Memento vivere, rappelle-toi de vivre.

« Tu ne sors pas aujourd’hui ? »

« Non non. »

« Ah, j’ai oublié même que toi tu ne sors pas. »

« Je vais sortir mais plus tard. En ce moment je suis en train de faire un travail là ! »

« Toi tu travailles ? »

En ce moment je passe énormément de journées à la maison. Je lis, j’écris, je mange. Du moins, c’est l’impression qu’on a. Je participe également à pas mal d’évènements et je travaille à l’organisation des activités du Centre Eulis. Je voyage aussi quelques fois. Les mois d’Août à Octobre ont été plein de déplacements pour le travail et le plaisir. Mais maman me voit quasiment tout le temps dans ma chambre et a donc l’impression que je ne travaille pas du tout. Papa m’a demandé récemment ce que je compte faire concrètement, mais ça c’est une question qui revient très souvent depuis que j’ai obtenu mon Master en entrepreneuriat social en 2016.

De 2016 à 2018, j’ai travaillé en tant que professeur de Business à l’Université Internationale de Grand-Bassam. Un exploit pour la jeune fille de 22 ans que j’étais. Puis, deux ans plus tard, j’ai eu envie de découvrir quelque chose de différent, de travailler avec les plus jeunes. Je ne pensais pas forcement au plus bas de la chaîne, mais Dieu nous réserve plein de surprises.

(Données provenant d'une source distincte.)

(* Let $r\ge1$. For every $N\ge1$, every $k\in\mathbb{N}$ and all $d,d'\in\mathbb{Z}$, \[\frac1N\Big|\{n<N:(\Delta^{(r)}(n),\Delta^{(r)}_k(n))=(d,d')\}\Big|\le rb\;\mathbb{P}\big(\{x\in\mathbb{X}:(\Delta^{(r)}(x),\Delta^{(r)}_k(x))=(d,d')\}\big).\] In particular $\frac1N|\{n<N:\Delta^{(r)}(n)=d\}|\le rb\,\mathbb{P}(\{x\in\mathbb{X}:\Delta^{(r)}(x)=d\})$.
   Context: Fix an integer $b\ge2$. $\mathbb{X}:=\{0,\dots,b-1\}^{\mathbb{N}}$ is the space of $b$-adic integers $x=(x_k)_{k\ge0}$ (with $x_0$ the units digit), with the product topology and the addition with carries extending addition of integers: $(x+y)_0$ and carry $c_0$ are determined by $x_0+y_0$ (if $<b$, digit $x_0+y_0$ and carry $0$; else digit $x_0+y_0-b$ and carry $1$), and inductively $(x+y)_\ell$, $c_\ell$ from $x_\ell+y_\ell+c_{\ell-1}$ in the same way. $\mathbb{N}$ is embedded in $\mathbb{X}$ by identifying $n$ with its sequence of base-$b$ digits (finitely many nonzero). $T(x):=x+1$. $\mathbb{P}$ is the normalized Haar measure on $\mathbb{X}$, i.e. the product of uniform measures on $\{0,\dots,b-1\}$ (digits i.i.d. uniform). For $k\in\mathbb{N}$, $s_k(x):=x_0+\dots+x_k$ and $\Delta_k^{(r)}(x):=s_k(x+r)-s_k(x)$. For all $x$ except finitely many, $x$ and $x+r$ differ in only finitely many digits and $\Delta^{(r)}(x):=\lim_{k\to\infty}\Delta_k^{(r)}(x)$ is defined; for $n\in\mathbb{N}$ it equals $s(n+r)-s(n)$, where $s$ is the base-$b$ sum of digits. *)

theory Defs
  imports "HOL-Probability.Probability"
begin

Mon processus d’entrée à IBSA s’est fait avec quelques soubresauts. Un RDV raté à cause des inondations, puis reporté à plusieurs semaines. Lorsque j’ai enfin pu rencontrer la directrice pédagogique, il n’y avait plus de postes à pourvoir et elle m’a proposé de travailler sur un projet d’ateliers de lecture. J’ai souri et acquiescé alors qu’au fond j’étais dévastée. C’était la première fois que j’avais l’impression d’échouer à quelque chose. En plus, je venais à peine de lire « Les vertus de l’échec » de Charles Pépin en me disant que je n’en avais pas vraiment connu jusque là. Pourtant lorsque IUGB m’a proposé de revenir le semestre suivant, je suis restée sur ma décision d’essayer quelque chose de différent. Quelques semaines après, IBSA m’a rappelée pour enseigner en maternelle. Voilà comment, je suis devenue Maitresse Mimi.

 

 IBSA RIVIERA 3 MATERNELLE.jpeg
IBSA

J’ai eu l’occasion d’apprendre énormément sur l’éducation des touts-petits mais également sur la pédagogie active. Mon expérience à IBSA m’a aidée à mieux structurer l’idée que je me fais d’une éducation interactive où l’élève est au coeur du processus d’apprentissage. J’ai appris à faire des recherches constantes d’activités pour maintenir mes élèves intéressés. J’ai appris à sortir de ma zone de confort lorsque cela était nécessaire. J’ai eu l’occasion de donner des cours à une trentaine d’élèves de deux à quatre ans, en anglais et en français. J’ai même été amenée quelques fois à gérer des classes avec des élèves plus grands. Cette expérience a sans aucun doute été l’une des plus belles de ma vie et je la vivrais volontiers à nouveau si c’était à refaire. Mais…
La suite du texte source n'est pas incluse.